Segment Start: RECORDS SUPPLIED

lemma is_ideal_torsion_ideal: "is_ideal (torsion_ideal I)"
proof (rule is_idealI)
  show "0 \<in> torsion_ideal I"
    unfolding torsion_ideal_def using ideal_zero[OF I] by (intro CollectI exI[of _ 0]) simp
  show "x + y \<in> torsion_ideal I" if "x \<in> torsion_ideal I" "y \<in> torsion_ideal I" for x y
  proof -
    from that obtain p p' where "2 * p \<in> I" "2 * p' \<in> I" "x = red2_poly p" "y = red2_poly p'"
      unfolding torsion_ideal_def by blast
    moreover have "2 * (p + p') = 2 * p + 2 * p'" by (simp add: distrib_left)
    ultimately have "x + y = red2_poly (p + p')" "2 * (p + p') \<in> I"
      by (simp_all add: red2.map_poly_add ideal_add[OF I])
    then show ?thesis unfolding torsion_ideal_def by blast
  qed
  show "q * x \<in> torsion_ideal I" if "x \<in> torsion_ideal I" for x q
  proof -
    from that obtain p where "2 * p \<in> I" "x = red2_poly p"
      unfolding torsion_ideal_def by blast
    moreover have "2 * (lift2_poly q * p) \<in> I"
      using ideal_mult_left[OF I \<open>2 * p \<in> I\<close>, of "lift2_poly q"] by (simp add: mult.left_commute)
    ultimately have "q * x = red2_poly (lift2_poly q * p)" "2 * (lift2_poly q * p) \<in> I"
      by (simp_all add: red2_poly_mult_lift2_poly)
    then show ?thesis unfolding torsion_ideal_def by blast
  qed
qed

lemma residue_ideal_subset_torsion_ideal: "residue_ideal I \<subseteq> torsion_ideal I"
  unfolding residue_ideal_def torsion_ideal_def using ideal_mult_left[OF I] by blast

end

lemma dvd_if_bezout_dvd_mult:
  fixes a b c :: "'a::comm_ring_1"
  assumes "U * a + V * b = 1" and "a dvd c * b"
  shows "a dvd c"
proof -
  have "c = c * (U * a + V * b)" using assms(1) by simp
  also have "\<dots> = (c * U) * a + V * (c * b)" by (simp add: algebra_simps)
  finally show ?thesis using assms(2) by (metis dvd_add dvd_mult dvd_triv_right)
qed

lemma Z4_ideal_factorization_generators:
  assumes n: "odd n" and I: "is_ideal I" and XX_mem: "xn_minus_1 n \<in> I"
  shows "\<exists>f h g. f * h * g = xn_minus_1 n \<and>
    red2_poly (f * h) \<in> residue_ideal I \<and> (\<forall>z\<in>residue_ideal I. red2_poly (f * h) dvd z) \<and>
    red2_poly f \<in> torsion_ideal I \<and> (\<forall>z\<in>torsion_ideal I. red2_poly f dvd z)"
proof -
  obtain r where r: "r \<in> residue_ideal I" "\<forall>z\<in>residue_ideal I. r dvd z"
    using Z2_poly_ideal_principal[OF is_ideal_residue_ideal[OF I]] by blast
  obtain t where t: "t \<in> torsion_ideal I" "\<forall>z\<in>torsion_ideal I. t dvd z"
    using Z2_poly_ideal_principal[OF is_ideal_torsion_ideal[OF I]] by blast
  have "t dvd r" using t(2) r(1) residue_ideal_subset_torsion_ideal[OF I] by blast
  then obtain u where u: "r = t * u" by (elim dvdE)
  have "xn_minus_1 n \<in> residue_ideal I"
    using XX_mem red2.map_poly_xn_minus_1 unfolding residue_ideal_def by (metis image_eqI)
  then have "r dvd xn_minus_1 n" using r(2) by blast
  then obtain s where "xn_minus_1 n = t * u * s" using u by (elim dvdE) simp
  then obtain f h g where "f * h * g = xn_minus_1 n" "red2_poly f = t" "red2_poly h = u" "red2_poly g = s"
    using Z4_hensel_lift_xn_minus_1[OF n] by blast
  then show ?thesis using r t u by (auto simp: red2.map_poly_mult)
qed

context
  fixes n :: nat and I :: "4 poly set" and f h g :: "4 poly"
  assumes n: "odd n" and I: "is_ideal I" and XX_mem: "xn_minus_1 n \<in> I"
    and fhg: "f * h * g = xn_minus_1 n"
    and residue_gen: "red2_poly (f * h) \<in> residue_ideal I" "\<And>z. z \<in> residue_ideal I \<Longrightarrow> red2_poly (f * h) dvd z"
    and torsion_gen: "red2_poly f \<in> torsion_ideal I" "\<And>z. z \<in> torsion_ideal I \<Longrightarrow> red2_poly f dvd z"
begin

lemma red2_poly_bezout:
  shows "\<exists>U V. U * red2_poly f + V * red2_poly g = 1"
    and "\<exists>U V. U * red2_poly h + V * red2_poly g = 1"
proof -
  have XX: "red2_poly f * red2_poly h * red2_poly g = xn_minus_1 n"
    using arg_cong[OF fhg, of red2_poly] by (simp add: red2.map_poly_mult red2.map_poly_xn_minus_1)
  have "red2_poly f * red2_poly g dvd xn_minus_1 n" "red2_poly h * red2_poly g dvd xn_minus_1 n"
    unfolding XX[symmetric] by (simp_all add: mult_dvd_mono)
  then show "\<exists>U V. U * red2_poly f + V * red2_poly g = 1" "\<exists>U V. U * red2_poly h + V * red2_poly g = 1"
    using Z2_poly_bezout_factors_xn_minus_1[OF n] by auto
qed

lemma two_f_mem: "2 * f \<in> I"
proof -
  obtain p where "red2_poly p = red2_poly f" "2 * p \<in> I"
    using torsion_gen(1) unfolding torsion_ideal_def by auto
  then show ?thesis using red2_poly_eq_imp_two_mult_eq by metis
qed

lemma two_mult_mem_if_red2_poly_dvd:
  assumes "red2_poly f dvd red2_poly e"
  shows "2 * e \<in> I"
proof -
  obtain m where "red2_poly e = red2_poly (f * lift2_poly m)"
    using assms by (auto elim!: dvdE simp: red2.map_poly_mult)
  then have "2 * e = 2 * (f * lift2_poly m)" by (rule red2_poly_eq_imp_two_mult_eq)
  then have "2 * e = lift2_poly m * (2 * f)" by (simp add: algebra_simps)
  then show ?thesis using ideal_mult_left[OF I two_f_mem] by simp
qed

lemma f_h_mem: "f * h \<in> I"
proof -
  obtain p where p: "p \<in> I" "red2_poly p = red2_poly (f * h)"
    using residue_gen(1) unfolding residue_ideal_def by auto
  then obtain e where e: "p = f * h + 2 * e" using red2_poly_eq_imp_ex_two_mult by blast
  then have "2 * (e * g) = p * g - xn_minus_1 n" by (simp add: fhg[symmetric] algebra_simps)
  then have "2 * (e * g) \<in> I" using ideal_diff[OF I ideal_mult_right[OF I p(1)] XX_mem] by simp
  then have "red2_poly (e * g) \<in> torsion_ideal I" unfolding torsion_ideal_def by blast
  then have "red2_poly f dvd red2_poly e * red2_poly g"
    using torsion_gen(2) by (simp add: red2.map_poly_mult)
  then have "red2_poly f dvd red2_poly e"
    using red2_poly_bezout(1) dvd_if_bezout_dvd_mult by blast
  then have "2 * e \<in> I" by (rule two_mult_mem_if_red2_poly_dvd)
  then show ?thesis using ideal_diff[OF I p(1)] e by force
qed

lemma two_f_congruent: "\<exists>Q. xn_minus_1 n dvd 2 * f - Q * (f * h + 2 * f)"
proof -
  obtain U V where "U * red2_poly h + V * red2_poly g = 1" using red2_poly_bezout(2) by blast
  then have "red2_poly (lift2_poly U * h + lift2_poly V * g) = red2_poly 1"
    by (simp add: red2.map_poly_add red2.map_poly_mult red2.hom_one)
  then obtain w where w: "lift2_poly U * h + lift2_poly V * g = 1 + 2 * w"
    using red2_poly_eq_imp_ex_two_mult by blast
  have "2 * f * (1 + 2 * w) = 2 * f + 4 * (f * w)" by (simp add: algebra_simps)
  then have "2 * f = 2 * f * (1 + 2 * w)" by (simp add: Z4_poly_four_eq_0)
  also have "\<dots> = lift2_poly U * (2 * (f * h)) + lift2_poly V * (2 * f * g)"
    by (simp only: w[symmetric]) (simp add: algebra_simps)
  also have "2 * (f * h) = 2 * (f * h + 2 * f)"
  proof -
    have "2 * (f * h + 2 * f) = 2 * (f * h) + 4 * f" by (simp add: algebra_simps)
    then show ?thesis by (simp add: Z4_poly_four_eq_0)
  qed
  also have "2 * f * g = (f * h + 2 * f) * g - xn_minus_1 n"
    by (simp add: fhg[symmetric] algebra_simps)
  finally have "2 * f - (2 * lift2_poly U + lift2_poly V * g) * (f * h + 2 * f) = xn_minus_1 n * (- lift2_poly V)"
    by (simp add: algebra_simps)
  then show ?thesis by (metis dvd_triv_left)
qed

lemma mem_imp_congruent_generator:
  assumes c: "c \<in> I"
  shows "\<exists>q. xn_minus_1 n dvd c - q * (f * h + 2 * f)"
proof -
  have "red2_poly (f * h) dvd red2_poly c"
    using residue_gen(2) c unfolding residue_ideal_def by blast
  then obtain k where "red2_poly c = red2_poly (f * h * lift2_poly k)"
    by (auto elim!: dvdE simp: red2.map_poly_mult)
  then obtain e where e: "c = f * h * lift2_poly k + 2 * e"
    using red2_poly_eq_imp_ex_two_mult by blast
  then have "2 * e = c - f * h * lift2_poly k" by simp
  then have "2 * e \<in> I" using ideal_diff[OF I c ideal_mult_right[OF I f_h_mem]] by simp
  then have "red2_poly e \<in> torsion_ideal I" unfolding torsion_ideal_def by blast
  then obtain m where "red2_poly e = red2_poly (f * lift2_poly m)"
    using torsion_gen(2) by (auto elim!: dvdE simp: red2.map_poly_mult)
  then have em: "2 * e = 2 * (f * lift2_poly m)" by (rule red2_poly_eq_imp_two_mult_eq)
  obtain Q where Q: "xn_minus_1 n dvd 2 * f - Q * (f * h + 2 * f)"
    using two_f_congruent by blast
  have "c - (lift2_poly k + Q * (lift2_poly m - lift2_poly k)) * (f * h + 2 * f) =
      (2 * f - Q * (f * h + 2 * f)) * (lift2_poly m - lift2_poly k)"
    unfolding e em by (simp add: algebra_simps)
  then show ?thesis using Q by (metis dvd_mult2)
qed

end

lemma Z4_poly_ideal_generator:
  fixes I :: "4 poly set"
  assumes n: "odd n" and I: "is_ideal I" and XX_mem: "xn_minus_1 n \<in> I"
  shows "\<exists>f h g. f * h * g = xn_minus_1 n \<and> f * h + 2 * f \<in> I \<and>
    (\<forall>c\<in>I. \<exists>q. xn_minus_1 n dvd c - q * (f * h + 2 * f))"
proof -
  obtain f h g where fhg: "f * h * g = xn_minus_1 n"
    and res: "red2_poly (f * h) \<in> residue_ideal I" "\<And>z. z \<in> residue_ideal I \<Longrightarrow> red2_poly (f * h) dvd z"
    and tor: "red2_poly f \<in> torsion_ideal I" "\<And>z. z \<in> torsion_ideal I \<Longrightarrow> red2_poly f dvd z"
    using Z4_ideal_factorization_generators[OF assms] by blast
  note generators = n I XX_mem fhg res tor
  have "f * h + 2 * f \<in> I"
    using ideal_add[OF I f_h_mem[OF generators] two_f_mem[OF generators]] .
  then show ?thesis
    using fhg mem_imp_congruent_generator[OF generators] by blast
qed

lemma lin_cyclic_Z4_generator:
  fixes D :: "4 list set"
  assumes n: "odd n" and D: "lin_cyclic n D"
  shows "\<exists>f h g. f * h * g = xn_minus_1 n \<and> D = {cyc_red n (q * (f * h + 2 * f)) | q. True}"
proof -
  have n1: "n \<ge> 1" using n by (cases n) auto
  obtain f h g where "f * h * g = xn_minus_1 n" "cyc_red n (f * h + 2 * f) \<in> D"
      "\<And>c. cyc_red n c \<in> D \<Longrightarrow> \<exists>q. xn_minus_1 n dvd c - q * (f * h + 2 * f)"
    using Z4_poly_ideal_generator[OF n lin_cyclic_ideal[OF n1 D]] lin_cyclic_xn_minus_1[OF n1 D] by auto
  then show ?thesis using lin_cyclic_generated_by[OF n1 D] by blast
qed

Segment End: RECORDS SUPPLIED

* **ACTIVITY**
Taking the entries above, write out exactly the lines starting with the line containing "then show ?thesis by (metis dvd_triv_left)" and going on through the line containing "- f * h * lift2_poly", both included, and nothing else.

* **SOLUTION TO THE PROBLEM**
  then show ?thesis by (metis dvd_triv_left)
qed

lemma mem_imp_congruent_generator:
  assumes c: "c \<in> I"
  shows "\<exists>q. xn_minus_1 n dvd c - q * (f * h + 2 * f)"
proof -
  have "red2_poly (f * h) dvd red2_poly c"
    using residue_gen(2) c unfolding residue_ideal_def by blast
  then obtain k where "red2_poly c = red2_poly (f * h * lift2_poly k)"
    by (auto elim!: dvdE simp: red2.map_poly_mult)
  then obtain e where e: "c = f * h * lift2_poly k + 2 * e"
    using red2_poly_eq_imp_ex_two_mult by blast
  then have "2 * e = c - f * h * lift2_poly k" by simp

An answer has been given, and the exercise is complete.